The R927 Residue Adjacent to Four Polymorphic Sites Keeps Sw-5b in an Autoinhibited State.

(A) Putative interaction interface between the LRR and NB-ARC domain on the three-dimensional homology structure of Sw-5b NB-ARC-LRR is shown in the red box. NB (blue), ARC1 (cyan), ARC2 (green), LRR (amino acid residue 873–1246; orange) are subdomains of Sw-5b NB-ARC-LRR. The enlarged red boxed on the right shows that amino acid R927 and Y953 in the LRR and E538 in the NB can form a putative contact site.

(B) The R927A (YFP-NB-ARC-LRR^R927) but not the Y953A (YFP-NB-ARC-LRR^Y953) mutant results in cell death in the absence of NSm²¹ in leaves of N. benthamiana plants. Expression of R927A and Y953A induces cell death in the presence of NSm²¹. The right panels show the accumulation of proteins using an anti-YFP antibody. The sizes of proteins in kilodaltons are shown to the right of the blot. Asterisk represents the nonspecific band. Ponceau S staining was used to show protein loading.

(C) The effect of the R927A mutant on the physical interaction between the LRR and NB-ARC domains. Wild-type Sw-5b LRR fused to FLAG tag (FLAG-LRR^WT) or R927A mutant (FLAG-LRR^R927A) was used to immunoprecipitate YFP-NB-ARC. The amount of YFP-NB-ARC precipitated by the wild type or R927A was quantified by ImageQuant software. IP, immunoprecipitation with specific antibody; IB, immunoblot with specific antibody.

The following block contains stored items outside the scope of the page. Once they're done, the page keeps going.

lemma norm_rr_series_minus_one_le:
  fixes q x :: complex
  assumes q: "norm q < 1" and x: "norm x \<le> 1"
  shows "norm (rr_series q x - 1) \<le> exp (norm q / (1 - norm q)\<^sup>2) / (1 - norm q) * norm x"
  using norm_suminf_minus_head_le[OF summable_rr_terms[OF assms] norm_rr_term_le[OF assms]] q
  by (simp add: rr_series_def)

lemma selberg2_functional_equation:
  fixes q x :: complex
  assumes q: "norm q < 1" and x: "norm x \<le> 1"
  shows "selberg2 q (x * q) = selberg2 q (x * q * q) + x * q * selberg2 q (x * q ^ 2 * q)"
proof -
  have y: "norm (x * q) \<le> norm q" and yq: "norm (x * q * q) \<le> norm q"
    using x q by (auto simp: norm_mult mult_left_le_one_le mult_le_one)
  show ?thesis
    using selberg2_minus_selberg1[OF q y] selberg1_eq_selberg2_shift[OF q y]
      selberg1_eq_selberg2_shift[OF q yq]
    by (simp add: power2_eq_square algebra_simps)
qed

lemma norm_suminf_selberg_term2_tail_le:
  fixes q y :: complex
  assumes q: "norm q < 1" and y: "norm y \<le> norm q"
  defines "K \<equiv> exp (norm q / (1 - norm q)\<^sup>2)"
  shows "norm (\<Sum>n. selberg_term2 q y (Suc n)) \<le> 2 * K\<^sup>2 / (1 - norm q) * norm y"
proof -
  note small = selberg_norm_bounds[OF y q]
  have K: "K \<ge> 0"
    by (simp add: K_def)
  have "norm (selberg_term2 q y (Suc n)) \<le> 2 * K\<^sup>2 * norm y * norm q ^ n" for n
  proof -
    have "norm (selberg_term2 q y (Suc n)) \<le> 2 * K\<^sup>2 * norm y ^ (2 * Suc n) * norm q ^ Suc n"
      using norm_selberg_type_term_le[of q y 1 "\<lambda>n. 1 - y ^ 2 * (q ^ n) ^ 4" "Suc n"
          "\<lambda>n. y * q ^ n"] small(1) small(2)[of "Suc n"] small(4)[of "Suc n"] q
      by (simp add: selberg_term2_def K_def)
    also have "\<dots> \<le> 2 * K\<^sup>2 * norm y * norm q ^ n"
    proof (intro mult_mono mult_left_mono)
      show "norm y ^ (2 * Suc n) \<le> norm y"
        using power_decreasing[of 1 "2 * Suc n" "norm y"] small(1) by simp
      show "norm q ^ Suc n \<le> norm q ^ n"
        using q by (intro power_decreasing) auto
    qed (use K in auto)
    finally show ?thesis .
  qed
  then show ?thesis
    using norm_suminf_le_geometric[of "\<lambda>n. selberg_term2 q y (Suc n)" "2 * K\<^sup>2 * norm y" "norm q"] q
    by (simp add: field_simps)
qed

(D) Location of R927 residue and the polymorphic sites 3, 4, 5, and 6 on the three-dimensional homology structure of Sw-5b NB-ARC-LRR. The upper panel shows NB-ARC-LRR with the indicated position of the R927 residue and the four polymorphic sites. The ribbon and surface homology structure model of Sw-5b NB-ARC-LRR are shown in the left and right, respectively. The R927 residue is shown in a purple sphere, while the four polymorphic sites are shown as in Figure 4E.